An electronic apparatus is generally equipped with a power supply having a specific voltage, e.g., a battery in the electronic apparatus is able to supply voltages of 3.9-4.5V. However, various modules of the electronic apparatus require different supply voltages, e.g., an analog power amplifier may request a power voltage of 3.5V, and a digital processing module may require different power voltages such as 1.8 v and 5V. In order to ensure normal operations of the various modules in the electronic apparatus, a voltage converter is typically required to convert a direct current (DC) voltage level (e.g., a voltage from the battery) to another different DC voltage required by the various modules, namely, to convert a specific input voltage Vin to a different output voltage Vout.
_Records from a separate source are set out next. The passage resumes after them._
lemma expansion_by_types:
  assumes "connected_graph V E" "5 \<le> m"
  shows "expansion_of V E m path_E"
  unfolding expansion_of_def
proof (intro exI[of _ type_set] conjI allI impI ballI)
  have m3: "3 \<le> m" using assms(2) by simp
  show "type_set i \<noteq> {}" if "i < m" for i
    using has_type_path_vertex[OF that] path_vertex[OF that] unfolding type_set_def by auto
  show "type_set i \<inter> type_set j = {}" if "i < m" "j < m" "i \<noteq> j" for i j
    using has_type_unique[OF m3] that unfolding type_set_def by auto
  show "(\<Union>i<m. type_set i) = V" using has_type_if_long[OF assms] unfolding type_set_def by blast
  show "E x y" if "i < m" "x \<in> type_set i" "y \<in> type_set i" "x \<noteq> y" for i x y
    using same_type_adj[OF m3] that unfolding type_set_def by auto
  show "E x y \<longleftrightarrow> path_E i j"
    if ij: "i < m" "j < m" "i \<noteq> j" and "x \<in> type_set i" "y \<in> type_set j" for i j x y
  proof -
    have x: "x \<in> V" "has_type x i" and y: "y \<in> V" "has_type y j" using that unfolding type_set_def by auto
    consider "j = Suc i" | "i = Suc j" | "i + 2 \<le> j" | "j + 2 \<le> i" using ij(3) by linarith
    then show ?thesis
    proof cases
      case 1
      have "i + 3 < m \<or> 2 \<le> i" using assms(2) by linarith
      then show ?thesis using consecutive_types_adj[OF m3 x y[unfolded 1]] ij(2) 1 by (simp add: path_E_def)
    next
      case 2
      have "j + 3 < m \<or> 2 \<le> j" using assms(2) by linarith
      then have "E y x" using consecutive_types_adj[OF m3 y x[unfolded 2]] ij(1) 2 by simp
      then show ?thesis using 2 adj_sym x y by (simp add: path_E_def)
    next
      case 3
      then show ?thesis using far_types_not_adj[OF assms(2) x y] ij(2) by (simp add: path_E_def)
    next
      case 4
      then have "\<not> E y x" using far_types_not_adj[OF assms(2) y x] ij(1) by simp
      then show ?thesis using 4 adj_sym x y by (auto simp: path_E_def)
    qed
  qed
qed

end

theorem lemma7:
  fixes V :: "'a set" and E :: "'a \<Rightarrow> 'a \<Rightarrow> bool"
  assumes "graph V E"
    and "connected_graph V E"
    and "claw_free V E" and "bull_free V E"
    and "longest_induced_cycle_le3 V E"
    and "independence_number V E \<ge> 3"
  shows "diam V E \<ge> 4 \<and> expansion_of_path V E"
proof -
  interpret chordal_claw_bull_free_graph V E using assms(1,3-5) by unfold_locales
  obtain a b c where abc: "independent_triple V E a b c"
    using independent_triple_exists[OF finite_vertices assms(6)] by blast
  obtain p m where "induced_path V E p m" "\<And>q n. induced_path V E q n \<Longrightarrow> n \<le> m"
    using longest_induced_path_exists[OF finite_vertices] by blast
  then interpret longest_induced_path V E p m by unfold_locales
  have "3 \<le> m" using length_ge_3[OF assms(2) abc] .
  moreover have "m \<noteq> 3" "m \<noteq> 4"
    using no_independent_triple_of_length_3[OF assms(2) _ abc]
      no_independent_triple_of_length_4[OF assms(2) _ abc]
    by blast+
  ultimately have "5 \<le> m" by linarith
  then have "4 \<le> dist V E (p 0) (p (m - 1))" using path_ends_dist[OF assms(2)] by fastforce
  also have "\<dots> \<le> diam V E" using dist_le_diam[OF finite_vertices] path_vertex \<open>5 \<le> m\<close> by simp
  finally have "4 \<le> diam V E" .
  moreover have "expansion_of V E m path_E" using expansion_by_types[OF assms(2) \<open>5 \<le> m\<close>] .
  ultimately show ?thesis using \<open>5 \<le> m\<close> unfolding expansion_of_path_def by (intro conjI exI[of _ m]) auto
qed

end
In an existing voltage converter, for example, electric energy at the input end is temporarily stored in an inductor and/or a capacitor (i.e., performing a charging process), and then released at the output end at different voltages (i.e., performing a discharging process), thereby the input voltage Vin is converted to a required output voltage Vout. The charging process and discharging process are controlled by a control element (such as a switch), which is driven by a driving signal. As an example, the charging process corresponds to a conducting time when the driving switch is turned on for charging, and the discharging process corresponds to an open time when the driving switch is turned off for discharging. The conducting time corresponds to a pulse width of the driving signal.
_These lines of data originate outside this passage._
(* Suppose that the finite family $\mathcal{A}=\{A_i\}_{i\in\Lambda}\subset GL_{d+1}(\mathbb{R})$ strictly preserves a simplicial cone $\Sigma=\Sigma_{v_1,\ldots,v_{d+1}}\subset\{x\in\mathbb{R}^{d+1}:x_{d+1}>0\}\cup\{0\}$. Then the associated IFS $\mathcal{F}_{\mathcal{A}}=\{f_A\}_{A\in\mathcal{A}}$ is real-analytic and uniformly hyperbolic on $\overline{V}\subset\mathbb{R}^d$, in the sense that there exist $C>0$ and $\gamma\in(0,1)$ such that $\max_{x\in\overline V}\|f'_{\mathbf{i}}(x)\|\le C\gamma^n$ for all $\mathbf{i}\in\Lambda^n$, where $f_{\mathbf{i}}=f_{A_{i_1}}\circ\cdots\circ f_{A_{i_n}}$ and $\|f'_{\mathbf{i}}(x)\|$ is the operator norm of the differential at $x$.
   Context: For linearly independent $v_1,\ldots,v_{d+1}\in\mathbb{R}^{d+1}$, $\Sigma_{v_1,\ldots,v_{d+1}}=\{\sum_k x_kv_k: x_k\ge0\}$. $A$ strictly preserves $\Sigma$ if $A(\Sigma\setminus\{0\})\subset\Sigma^\circ$. For $x\in\mathbb{R}^d$, $f_A(x)=P_d\big(A(x,1)/A(x,1)_{d+1}\big)$ whenever $A(x,1)_{d+1}\ne0$, where $(x,1)\in\mathbb{R}^{d+1}$, $y_{d+1}$ is the last coordinate of $y$, and $P_d$ is the projection onto the first $d$ coordinates. $\overline{V}=P_d(\Sigma\cap\{x_{d+1}=1\})$ and $V$ is its interior. *)

theory Defs
  imports "HOL-Analysis.Analysis"
begin

text \<open>Convention: R^d is real^'d; R^(d+1) is real^('d::finite option), where the index
None plays the role of the last coordinate d+1 and Some i the i-th coordinate.\<close>

definition lift1 :: "real^'d::finite \<Rightarrow> real^('d::finite option)" where
  "lift1 x = (\<chi> j. case j of None \<Rightarrow> 1 | Some i \<Rightarrow> x $ i)"

definition projd :: "real^('d::finite option) \<Rightarrow> real^'d" where
  "projd y = (\<chi> i. y $ (Some i))"

definition simp_cone :: "('d::finite option \<Rightarrow> real^('d::finite option)) \<Rightarrow> (real^('d::finite option)) set" where
  "simp_cone v = {y. \<exists>c. (\<forall>k. c k \<ge> 0) \<and> y = (\<Sum>k\<in>UNIV. c k *\<^sub>R v k)}"

definition strictly_preserves ::
  "real^('d::finite option)^('d::finite option) \<Rightarrow> (real^('d::finite option)) set \<Rightarrow> bool" where
  "strictly_preserves A S \<longleftrightarrow> (\<lambda>y. A *v y) ` (S - {0}) \<subseteq> interior S"

definition fA :: "real^('d::finite option)^('d::finite option) \<Rightarrow> real^'d::finite \<Rightarrow> real^'d" where
  "fA A x = projd ((1 / (A *v lift1 x) $ None) *\<^sub>R (A *v lift1 x))"

definition Vbar :: "(real^('d::finite option)) set \<Rightarrow> (real^'d) set" where
  "Vbar S = projd ` (S \<inter> {y. y $ None = 1})"

definition fword :: "('i \<Rightarrow> real^('d::finite option)^('d::finite option)) \<Rightarrow> 'i list \<Rightarrow> real^'d::finite \<Rightarrow> real^'d" where
  "fword A ws = foldr (\<lambda>i g. fA (A i) \<circ> g) ws id"

text \<open>Real analyticity: locally the sum of an (unconditionally, i.e. absolutely)
convergent multivariate power series.\<close>
definition real_analytic_on :: "(real^'d::finite \<Rightarrow> real^'e::finite) \<Rightarrow> (real^'d) set \<Rightarrow> bool" where
  "real_analytic_on f U \<longleftrightarrow> (\<forall>x0\<in>U. \<exists>r>0. \<exists>a :: ('d \<Rightarrow> nat) \<Rightarrow> real^'e.
      \<forall>y\<in>ball x0 r. ((\<lambda>\<alpha>. (\<Prod>i\<in>UNIV. (y $ i - x0 $ i) ^ (\<alpha> i)) *\<^sub>R a \<alpha>) has_sum f y) UNIV)"

end

theory Submission
  imports Defs
begin

text \<open>In the coordinates of the basis \<open>v\<^sub>1, \<dots>, v\<^sub>d\<^sub>+\<^sub>1\<close> every \<open>A\<^sub>i\<close> becomes a matrix \<open>P\<^sub>i\<close>
  with strictly positive entries, since \<open>A\<^sub>i\<close> maps each \<open>v\<^sub>k\<close> into the interior of the cone.
  A point of \<open>V\<close> is the projectivisation of a nonnegative coordinate vector \<open>a\<close>, and up to
  bounded changes of coordinates the differential of \<open>f\<^sub>w\<close> sends a tangent vector \<open>b\<close> to
  \<open>P\<^sub>w b\<close> reduced modulo the direction \<open>P\<^sub>w a\<close>. Its size is controlled by the oscillation of
  the ratios \<open>(P\<^sub>w b)\<^sub>j / (P\<^sub>w a)\<^sub>j\<close>, which every positive matrix shrinks by a fixed factor
  (Birkhoff's contraction of the Hilbert metric); this gives the exponential decay. Invariance of
  \<open>V\<close> is invariance of the cone, and each \<open>f\<^sub>A\<close> is analytic near \<open>V\<close> because it is a
  linear-fractional map whose denominator does not vanish there.\<close>

section \<open>Geometric series over words\<close>

lemma has_sum_group_by:
  fixes f :: "'a \<Rightarrow> 'c::banach" and g :: "'a \<Rightarrow> 'b"
  assumes "(f has_sum S) A" "\<And>y. finite {x\<in>A. g x = y}"
  shows "((\<lambda>y. sum f {x\<in>A. g x = y}) has_sum S) UNIV"
proof -
  have inj: "inj_on (\<lambda>x. (g x, x)) A" by (auto simp: inj_on_def)
  have img: "(\<lambda>x. (g x, x)) ` A = Sigma UNIV (\<lambda>y. {x\<in>A. g x = y})" by auto
  have "((\<lambda>(y,x). f x) has_sum S) (Sigma UNIV (\<lambda>y. {x\<in>A. g x = y}))"
    using has_sum_reindex[OF inj, of "\<lambda>(y,x). f x" S] assms(1) img by (simp add: o_def)
  then show ?thesis
    by (rule has_sum_Sigma[OF isUCont_plus]) (use assms(2) in auto)
qed

lemma has_sum_Times_finite:
  fixes f :: "'a \<times> 'b \<Rightarrow> 'c::banach"
  assumes "finite A" "\<And>a. a\<in>A \<Longrightarrow> ((\<lambda>b. f (a,b)) has_sum s a) B"
  shows "(f has_sum (\<Sum>a\<in>A. s a)) (A \<times> B)"
  using assms
proof (induction A rule: finite_induct)
  case empty then show ?case by simp
next
  case (insert a A)
  have "(f has_sum s a) (Pair a ` B)"
    using insert.prems[of a] by (subst has_sum_reindex) (auto simp: inj_on_def o_def)
  moreover have "(f has_sum (\<Sum>a\<in>A. s a)) (A \<times> B)" using insert by auto
  ultimately have "(f has_sum (s a + (\<Sum>a\<in>A. s a))) (Pair a ` B \<union> A \<times> B)"
    by (rule has_sum_Un_disjoint) (use insert.hyps in auto)
  moreover have "insert a A \<times> B = Pair a ` B \<union> A \<times> B" by auto
  ultimately show ?case using insert.hyps by simp
qed

lemma sum_prod_list_lists_length:
  fixes x :: "'d::finite \<Rightarrow> 'a::comm_semiring_1"
  shows "(\<Sum>w\<in>{w. length w = k}. prod_list (map x w)) = (sum x UNIV) ^ k"
proof (induction k)
  case 0
  have "{w::'d list. length w = 0} = {[]}" by auto
  then show ?case by simp
next
  case (Suc k)
  have eq: "{w::'d list. length w = Suc k} = (\<lambda>(i,w). i#w) ` (UNIV \<times> {w. length w = k})"
    by (auto simp: length_Suc_conv)
  have inj: "inj_on (\<lambda>(i,w). i#w) (UNIV \<times> {w::'d list. length w = k})"
    by (auto simp: inj_on_def)
  have "(\<Sum>w\<in>{w::'d list. length w = Suc k}. prod_list (map x w))
      = (\<Sum>(i,w)\<in>UNIV \<times> {w::'d list. length w = k}. x i * prod_list (map x w))"
    unfolding eq sum.reindex[OF inj] by (simp add: case_prod_unfold)
  also have "\<dots> = (\<Sum>i\<in>UNIV. x i * (\<Sum>w\<in>{w::'d list. length w = k}. prod_list (map x w)))"
    by (simp add: sum.cartesian_product[symmetric] sum_distrib_left)
  also have "\<dots> = (sum x UNIV) ^ Suc k"
    by (simp add: Suc sum_distrib_right[symmetric])
  finally show ?case .
qed

lemma summable_on_prod_list:
  fixes x :: "'d::finite \<Rightarrow> real"
  assumes "(\<Sum>i\<in>UNIV. \<bar>x i\<bar>) < 1"
  shows "(\<lambda>w. prod_list (map x w)) summable_on UNIV"
proof (rule abs_summable_summable, rule nonneg_bdd_above_summable_on)
  define s where "s = (\<Sum>i\<in>UNIV. \<bar>x i\<bar>)"
  have s: "0 \<le> s" "s < 1" using assms by (simp_all add: s_def sum_nonneg)
  show "bdd_above (sum (\<lambda>w. norm (prod_list (map x w))) ` {F. F \<subseteq> UNIV \<and> finite F})"
  proof (rule bdd_aboveI2)
    fix F :: "'d list set" assume "F \<in> {F. F \<subseteq> UNIV \<and> finite F}"
    then have "finite F" by simp
    define N where "N = Max (length ` F)"
    have fin: "finite {w::'d list. length w \<le> N}"
      using finite_lists_length_le[of "UNIV::'d set" N] by simp
    have "F \<subseteq> {w. length w \<le> N}" using \<open>finite F\<close> by (auto simp: N_def)
    moreover have norm_prod: "norm (prod_list (map x w)) = prod_list (map (\<lambda>i. \<bar>x i\<bar>) w)" for w
      by (induction w) (auto simp: abs_mult)
    ultimately have "(\<Sum>w\<in>F. norm (prod_list (map x w)))
        \<le> (\<Sum>w\<in>{w. length w \<le> N}. prod_list (map (\<lambda>i. \<bar>x i\<bar>) w))"
      unfolding norm_prod by (intro sum_mono2[OF fin]) (auto intro!: prod_list_nonneg)
    also have "\<dots> = (\<Sum>k\<in>{..N}. \<Sum>w\<in>{w\<in>{w. length w \<le> N}. length w = k}. prod_list (map (\<lambda>i. \<bar>x i\<bar>) w))"
      by (subst sum.group[OF fin, of "{..N}" length, symmetric]) auto
    also have "\<dots> = (\<Sum>k\<in>{..N}. \<Sum>w\<in>{w. length w = k}. prod_list (map (\<lambda>i. \<bar>x i\<bar>) w))"
      by (intro sum.cong refl arg_cong2[where f=sum]) auto
    also have "\<dots> = (\<Sum>k\<in>{..N}. s ^ k)"
      by (simp add: sum_prod_list_lists_length s_def)
    also have "\<dots> \<le> (\<Sum>k. s ^ k)"
      using s summable_geometric[of s] by (intro sum_le_suminf) auto
    finally show "(\<Sum>w\<in>F. norm (prod_list (map x w))) \<le> (\<Sum>k. s ^ k)" .
  qed
qed auto

lemma has_sum_prod_list_geometric:
  fixes x :: "'d::finite \<Rightarrow> real"
  assumes "(\<Sum>i\<in>UNIV. \<bar>x i\<bar>) < 1"
  shows "((\<lambda>w. prod_list (map x w)) has_sum (1 / (1 - sum x UNIV))) UNIV"
proof -
  obtain S where S: "((\<lambda>w. prod_list (map x w)) has_sum S) UNIV"
    using summable_on_prod_list[OF assms] has_sum_infsum by blast
  have "((\<lambda>k. sum (\<lambda>w. prod_list (map x w)) {w\<in>UNIV. length w = k}) has_sum S) UNIV"
    using finite_lists_length_eq[of "UNIV::'d set"] by (intro has_sum_group_by[OF S]) simp
  then have "(\<lambda>k. (sum x UNIV) ^ k) sums S"
    by (intro has_sum_imp_sums) (simp add: sum_prod_list_lists_length)
  moreover have "\<bar>sum x UNIV\<bar> < 1"
    using sum_abs[of x UNIV] assms by linarith
  then have "(\<lambda>k. (sum x UNIV) ^ k) sums (1 / (1 - sum x UNIV))"
    by (intro geometric_sums) simp
  ultimately show ?thesis using S sums_unique2 by metis
qed

lemma prod_list_map_eq_prod_count:
  fixes h :: "'d::finite \<Rightarrow> 'a::comm_monoid_mult"
  shows "prod_list (map h w) = (\<Prod>i\<in>UNIV. h i ^ count_list w i)"
proof (induction w)
  case (Cons a w)
  have "(\<Prod>i\<in>UNIV. h i ^ count_list (a # w) i)
      = (\<Prod>i\<in>UNIV. (if a = i then h i else 1) * h i ^ count_list w i)"
    by (intro prod.cong) auto
  also have "\<dots> = h a * (\<Prod>i\<in>UNIV. h i ^ count_list w i)"
    by (simp add: prod.distrib prod.delta)
  finally show ?case using Cons by simp
qed simp

lemma prod_list_map_mult:
  fixes f g :: "'a \<Rightarrow> 'b::comm_monoid_mult"
  shows "prod_list (map (\<lambda>i. f i * g i) w) = prod_list (map f w) * prod_list (map g w)"
  by (induction w) (auto simp: mult_ac)

lemma sum_option_UNIV:
  "(\<Sum>z\<in>(UNIV::'a::finite option set). f z) = f None + (\<Sum>i\<in>UNIV. f (Some i))"
  by (simp add: UNIV_option_conv sum.reindex)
Although an ideal voltage output of the voltage converter is a DC voltage, the charging and discharging processes therein result in a subtle fluctuation in the actual output voltage, which is shown in the frequency domain where the output voltage is not an ideal zero frequency component but possesses different frequency components. However, when a electronic module powered by the voltage converter includes a radio frequency circuit used for transmitting a radio frequency signal, the output voltage of the voltage converter may disturb the radio frequency signal if the frequency component in the output voltage of the voltage converter is approximate to the frequency of the radio frequency signal. Therefore, when a load of the voltage converter is an electronic module having a radio frequency circuit, it is desirable to control the signal component (or noise component) capable of disturbing the load in the output voltage of the voltage converter. In other words, the voltage converter is under a low-noise mode through controlling the noise in the output voltage of the voltage converter.
In a voltage converter under low-noise mode, the driving signal of the control element therein can be controlled for reducing the noise component in the output voltage of the voltage converter, so that the control element is relatively smoothly switched from on to off, and/or switched from off to on. For example, the driving signal of the control element can be controlled to improve a cut-off voltage of a triode serving as a control element. When the load (e.g., the resistance of the electronic module) powered by the voltage converter is heavy, the low-noise characteristic of the voltage converter can supply power for the electronic module without disturbing the radio frequency signal of the electronic module as far as possible. However, when the load powered by the voltage converter under the low-noise mode is light and even zero, current flow can still appear on the control element, thereby causing unnecessary power consumption. Therefore, it is desirable to reduce the static current when the voltage converter under the low-noise mode has light load.